(* Let $R$ be a commutative ring and let $\mathcal X'(R):=\mathcal X'(\mathrm{Spec}(R))$. Then the map $$\mathscr J:\mathcal X'(R)^{\mathrm{zar}}\to\mathrm{Rd}(R)^{\mathrm{inv}},\qquad C\mapsto\bigcap\{P\in\mathrm{Spec}(R)\mid P\in C\}$$ is a homeomorphism. In particular, $\mathcal X'(R)$ with the Zariski topology is a spectral space. Moreover, the same map $\mathscr J$ is a homeomorphism between $\mathcal X'(R)^{\mathrm{inv}}$ and $\mathrm{Rd}(R)^{\mathrm{hk}}$.
   Context: For a spectral space $X$, $\mathcal X'(X)$ is the set of nonempty closed subsets of $X$, with the Zariski topology having as basis of open sets $\mathcal U'(\Omega):=\{Y\in\mathcal X'(X)\mid Y\cap\Omega=\emptyset\}$, $\Omega$ ranging over quasi-compact open subsets of $X$; $\mathrm{Spec}(R)$ carries the Zariski topology. $\mathrm{Rd}(R)$ is the set of proper radical ideals of $R$; $\mathrm{Rd}(R)^{\mathrm{hk}}$ denotes it with the hull-kernel topology, whose subbasis of closed sets consists of the sets $\{H\in\mathrm{Rd}(R)\mid x_1,\dots,x_n\in H\}$ for $x_1,\dots,x_n\in R$ (with this topology it is spectral). For a spectral space $Y$, $Y^{\mathrm{inv}}$ denotes $Y$ with the inverse topology, having the quasi-compact open subsets of $Y$ as a basis of closed sets. *)

theory Defs
  imports "HOL-Analysis.Analysis"
begin

definition ring_ideal :: "'a::comm_ring_1 set \<Rightarrow> bool" where
  "ring_ideal I \<longleftrightarrow> 0 \<in> I \<and> (\<forall>x\<in>I. \<forall>y\<in>I. x + y \<in> I) \<and> (\<forall>r. \<forall>x\<in>I. r * x \<in> I)"

definition prime_ideal :: "'a::comm_ring_1 set \<Rightarrow> bool" where
  "prime_ideal P \<longleftrightarrow> ring_ideal P \<and> P \<noteq> UNIV \<and> (\<forall>a b. a * b \<in> P \<longrightarrow> a \<in> P \<or> b \<in> P)"

definition radical_ideal :: "'a::comm_ring_1 set \<Rightarrow> bool" where
  "radical_ideal I \<longleftrightarrow> ring_ideal I \<and> (\<forall>x (n::nat). x ^ n \<in> I \<longrightarrow> x \<in> I)"

definition Spec :: "'a::comm_ring_1 set set" where
  "Spec = {P. prime_ideal P}"

definition zariski_Spec :: "'a::comm_ring_1 set topology" where
  "zariski_Spec = topology_generated_by {Spec - {P \<in> Spec. S \<subseteq> P} | S. True}"

definition Rd :: "'a::comm_ring_1 set set" where
  "Rd = {H. radical_ideal H \<and> H \<noteq> UNIV}"

definition hk_Rd :: "'a::comm_ring_1 set topology" where
  "hk_Rd = topology_generated_by {Rd - {H \<in> Rd. F \<subseteq> H} | F. finite F}"

definition qc_open :: "'b topology \<Rightarrow> 'b set \<Rightarrow> bool" where
  "qc_open X U \<longleftrightarrow> openin X U \<and> compactin X U"

definition inverse_topology :: "'b topology \<Rightarrow> 'b topology" where
  "inverse_topology X = topology_generated_by {topspace X - U | U. qc_open X U}"

definition Xprime :: "'b topology \<Rightarrow> 'b set set" where
  "Xprime X = {C. closedin X C \<and> C \<noteq> {}}"

definition Xprime_zar :: "'b topology \<Rightarrow> 'b set topology" where
  "Xprime_zar X = topology_generated_by ((\<lambda>W. {Y \<in> Xprime X. Y \<inter> W = {}}) ` {W. qc_open X W})"

definition irreducible_in :: "'b topology \<Rightarrow> 'b set \<Rightarrow> bool" where
  "irreducible_in X C \<longleftrightarrow> C \<subseteq> topspace X \<and> C \<noteq> {} \<and>
     (\<forall>A B. closedin X A \<and> closedin X B \<and> C \<subseteq> A \<union> B \<longrightarrow> C \<subseteq> A \<or> C \<subseteq> B)"

definition spectral_space :: "'b topology \<Rightarrow> bool" where
  "spectral_space X \<longleftrightarrow>
     compact_space X \<and> t0_space X \<and>
     (\<forall>U V. qc_open X U \<and> qc_open X V \<longrightarrow> qc_open X (U \<inter> V)) \<and>
     (\<forall>U x. openin X U \<and> x \<in> U \<longrightarrow> (\<exists>V. qc_open X V \<and> x \<in> V \<and> V \<subseteq> U)) \<and>
     (\<forall>C. closedin X C \<and> irreducible_in X C \<longrightarrow> (\<exists>!x. x \<in> C \<and> X closure_of {x} = C))"

end

theory Submission
  imports Defs
begin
******
**What is required**
Retype the line containing "compact_space X \<and> t0_space X \<and>" and each line after it through the end of the listing, exactly, leaving out everything else.

**Exercise result**
     compact_space X \<and> t0_space X \<and>
     (\<forall>U V. qc_open X U \<and> qc_open X V \<longrightarrow> qc_open X (U \<inter> V)) \<and>
     (\<forall>U x. openin X U \<and> x \<in> U \<longrightarrow> (\<exists>V. qc_open X V \<and> x \<in> V \<and> V \<subseteq> U)) \<and>
     (\<forall>C. closedin X C \<and> irreducible_in X C \<longrightarrow> (\<exists>!x. x \<in> C \<and> X closure_of {x} = C))"

end

theory Submission
  imports Defs
begin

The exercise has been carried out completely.